[Dataset entries]
++++++

(*
  In normal coordinates around the pole, dv_g = (\<psi>(r)/r)^(N-1) dx. Write m = N - 1 and
  a, b, c for u, u_r, u_rr along a ray. Completing squares gives, pointwise,

    \<psi>^m (c + m \<psi>'/\<psi> b)^2 \<ge> \<psi>^m (lower-bound integrands, ((N-1)/2)^4 u^2 included) + (\<alpha> b^2 + \<beta> a^2)'

  with \<alpha> = (\<psi>^m)'/2 + \<psi>^m/(2r) and \<beta> = -(m^2/4) ((\<psi>^m)'/2 - \<psi>^m/(2r)). The remainder is a sum
  of squares plus nonnegative combinations of \<psi>''/\<psi> - 1 and (\<psi>'^2 - 1)/\<psi>^2 - \<psi>''/\<psi>, which are
  exactly the two curvature hypotheses. Dividing by r^m and integrating over R^N, the derivative
  term drops out: against dr d\<omega> it is the integral along rays of the derivative of a function
  that vanishes at the pole (like r^(m-1)) and outside the support of u.
*)

section \<open>Integrals over Euclidean space\<close>

lemma lborel_integral_scaleR:
  fixes f :: "'a::euclidean_space \<Rightarrow> real"
  assumes c: "c > 0" and f[measurable]: "f \<in> borel_measurable borel"
  shows "integrable lborel (\<lambda>x. f (c *\<^sub>R x)) \<longleftrightarrow> integrable lborel f"
    and "(\<integral>x. f (c *\<^sub>R x) \<partial>lborel) = (\<integral>x. f x \<partial>lborel) / c ^ DIM('a)"
proof -
  let ?S = "distr lborel borel (\<lambda>x::'a. 0 + c *\<^sub>R x)"
  have L: "lborel = density ?S (\<lambda>_. \<bar>c\<bar> ^ DIM('a))"
    using lborel_affine[of c "0::'a"] c by simp
  have m: "(\<lambda>x::'a. 0 + c *\<^sub>R x) \<in> measurable lborel borel" by simp
  have "integrable lborel f \<longleftrightarrow> integrable ?S (\<lambda>x. \<bar>c\<bar> ^ DIM('a) *\<^sub>R f x)"
    by (subst L, subst integrable_density[symmetric]) (auto simp: ennreal_power)
  also have "\<dots> \<longleftrightarrow> integrable lborel (\<lambda>x. \<bar>c\<bar> ^ DIM('a) *\<^sub>R f (0 + c *\<^sub>R x))"
    by (rule integrable_distr_eq[OF m]) simp
  also have "\<dots> \<longleftrightarrow> integrable lborel (\<lambda>x. f (c *\<^sub>R x))"
    using c by simp
  finally show "integrable lborel (\<lambda>x. f (c *\<^sub>R x)) \<longleftrightarrow> integrable lborel f" by simp
  have "(\<integral>x. f x \<partial>lborel) = (\<integral>x. \<bar>c\<bar> ^ DIM('a) *\<^sub>R f x \<partial>?S)"
    by (subst L, subst integral_density[symmetric]) (auto simp: ennreal_power)
  also have "\<dots> = (\<integral>x. \<bar>c\<bar> ^ DIM('a) *\<^sub>R f (0 + c *\<^sub>R x) \<partial>lborel)"
    by (rule integral_distr[OF m]) simp
  also have "\<dots> = c ^ DIM('a) * (\<integral>x. f (c *\<^sub>R x) \<partial>lborel)"
    using c by simp
  finally show "(\<integral>x. f (c *\<^sub>R x) \<partial>lborel) = (\<integral>x. f x \<partial>lborel) / c ^ DIM('a)"
    using c by (simp add: field_simps)
qed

++++++

PROBLEM DETAILS:
Each line from the one containing "lborel f \<longleftrightarrow>" through the final line of the records must be repeated exactly, with no line added or dropped.

TASK RESPONSE:
  have "integrable lborel f \<longleftrightarrow> integrable ?S (\<lambda>x. \<bar>c\<bar> ^ DIM('a) *\<^sub>R f x)"
    by (subst L, subst integrable_density[symmetric]) (auto simp: ennreal_power)
  also have "\<dots> \<longleftrightarrow> integrable lborel (\<lambda>x. \<bar>c\<bar> ^ DIM('a) *\<^sub>R f (0 + c *\<^sub>R x))"
    by (rule integrable_distr_eq[OF m]) simp
  also have "\<dots> \<longleftrightarrow> integrable lborel (\<lambda>x. f (c *\<^sub>R x))"
    using c by simp
  finally show "integrable lborel (\<lambda>x. f (c *\<^sub>R x)) \<longleftrightarrow> integrable lborel f" by simp
  have "(\<integral>x. f x \<partial>lborel) = (\<integral>x. \<bar>c\<bar> ^ DIM('a) *\<^sub>R f x \<partial>?S)"
    by (subst L, subst integral_density[symmetric]) (auto simp: ennreal_power)
  also have "\<dots> = (\<integral>x. \<bar>c\<bar> ^ DIM('a) *\<^sub>R f (0 + c *\<^sub>R x) \<partial>lborel)"
    by (rule integral_distr[OF m]) simp
  also have "\<dots> = c ^ DIM('a) * (\<integral>x. f (c *\<^sub>R x) \<partial>lborel)"
    using c by simp
  finally show "(\<integral>x. f (c *\<^sub>R x) \<partial>lborel) = (\<integral>x. f x \<partial>lborel) / c ^ DIM('a)"
    using c by (simp add: field_simps)
qed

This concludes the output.